Data for analysis Start Marker

lemma ex_jacobi_eigenpoly_iff:
  assumes "A \<notin> \<int>"
  shows "(\<exists>y. jacobi_eigenpoly A B y \<and> degree y = n)
    \<longleftrightarrow> (\<forall>k<n. real k + real n + A + B + 1 \<noteq> 0)"
proof -
  have diff: "jacobi_eigenvalue A B k - jacobi_eigenvalue A B n
      = (real k - real n) * (real k + real n + A + B + 1)" for k
    by (simp add: jacobi_eigenvalue_def algebra_simps)
  have "(\<forall>k<n. real k + real n + A + B + 1 \<noteq> 0)
      \<longleftrightarrow> (\<forall>k<n. jacobi_eigenvalue A B k \<noteq> jacobi_eigenvalue A B n)"
    by (metis diff eq_iff_diff_eq_0 mult_eq_0_iff of_nat_eq_iff less_irrefl)
  then show ?thesis
    using ex_jacobi_eigenpoly jacobi_eigenvalue_not_repeated[OF assms]
    by (auto simp: jacobi_eigenpoly_def)
qed

lemma coprime_linear_poly: "poly Q c \<noteq> 0 \<Longrightarrow> coprime Q [:-c, 1:]"
  for Q :: "real poly"
  using prime_elem_imp_coprime[OF prime_elem_linear_field_poly[of 1 "-c"], of Q]
  by (simp add: poly_eq_0_iff_dvd coprime_commute)

lemma degree_mult_pderiv_le: "degree (p * pderiv q) \<le> degree p + degree q - 1"
  for p q :: "real poly"
proof (cases "pderiv q = 0")
  case False
  then have "degree q \<noteq> 0" using pderiv_eq_0_iff[of q] by auto
  then show ?thesis using degree_mult_le[of p "pderiv q"] by (simp add: degree_pderiv)
qed simp

text \<open>A solution w = Q'/Q + R with a polynomial part R would have leading term
  T_p R^2 of too high a degree.\<close>
lemma riccati_polynomial_part_zero:
  assumes "Q \<noteq> 0" and res: "riccati_residual A B mu (pderiv Q + Q * R) Q = 0"
  shows "R = 0"
proof (rule ccontr)
  assume "R \<noteq> 0"
  define H where "H = T_p * R ^ 2 + (T_p * pderiv R + T_q A B * R - [:mu:])"
  define K where "K = T_p * pderiv (pderiv Q) + T_q A B * pderiv Q + smult 2 (T_p * R * pderiv Q)"
  have "riccati_residual A B mu (pderiv Q + Q * R) Q = Q * (K + H * Q)"
    by (rule real_poly_eqI)
      (simp add: riccati_residual_def K_def H_def pderiv_mult pderiv_add T_r_def; algebra)
  then have KH: "K + H * Q = 0" using res assms(1) by simp
  have deg_T: "T_p \<noteq> 0" "degree T_p = 2" "degree (T_q A B) \<le> 1" by (simp_all add: T_p_def T_q_def)
  have "degree (T_p * R ^ 2) = 2 * degree R + 2"
    using \<open>R \<noteq> 0\<close> deg_T by (simp add: degree_mult_eq degree_power_eq)
  moreover have "degree (T_p * pderiv R + T_q A B * R - [:mu:]) \<le> degree R + 1"
    using degree_mult_pderiv_le[of T_p R] degree_mult_le[of "T_q A B" R] deg_T
    by (intro degree_diff_le degree_add_le) auto
  ultimately have "degree H = 2 * degree R + 2"
    unfolding H_def by (subst degree_add_eq_left) auto
  then have "degree (H * Q) = 2 * degree R + 2 + degree Q"
    using assms(1) by (subst degree_mult_eq) auto
  moreover have "degree K \<le> degree R + 1 + degree Q"
    using degree_mult_pderiv_le[of T_p "pderiv Q"] degree_pderiv[of Q]
      degree_mult_pderiv_le[of "T_q A B" Q] degree_mult_pderiv_le[of "T_p * R" Q]
      degree_mult_le[of T_p R] deg_T
    unfolding K_def by (intro degree_add_le) auto
  ultimately have "degree (K + H * Q) = 2 * degree R + 2 + degree Q"
    by (subst degree_add_eq_right) auto
  then show False using KH by simp
qed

Data for analysis End Marker

Description of the task ▸
Transcribe exactly, please, the lines from the one with "2) = 2 * degree" to the last line of the entries above, ends included.

Response for this exercise ▸
  have "degree (T_p * R ^ 2) = 2 * degree R + 2"
    using \<open>R \<noteq> 0\<close> deg_T by (simp add: degree_mult_eq degree_power_eq)
  moreover have "degree (T_p * pderiv R + T_q A B * R - [:mu:]) \<le> degree R + 1"
    using degree_mult_pderiv_le[of T_p R] degree_mult_le[of "T_q A B" R] deg_T
    by (intro degree_diff_le degree_add_le) auto
  ultimately have "degree H = 2 * degree R + 2"
    unfolding H_def by (subst degree_add_eq_left) auto
  then have "degree (H * Q) = 2 * degree R + 2 + degree Q"
    using assms(1) by (subst degree_mult_eq) auto
  moreover have "degree K \<le> degree R + 1 + degree Q"
    using degree_mult_pderiv_le[of T_p "pderiv Q"] degree_pderiv[of Q]
      degree_mult_pderiv_le[of "T_q A B" Q] degree_mult_pderiv_le[of "T_p * R" Q]
      degree_mult_le[of T_p R] deg_T
    unfolding K_def by (intro degree_add_le) auto
  ultimately have "degree (K + H * Q) = 2 * degree R + 2 + degree Q"
    by (subst degree_add_eq_right) auto
  then show False using KH by simp
qed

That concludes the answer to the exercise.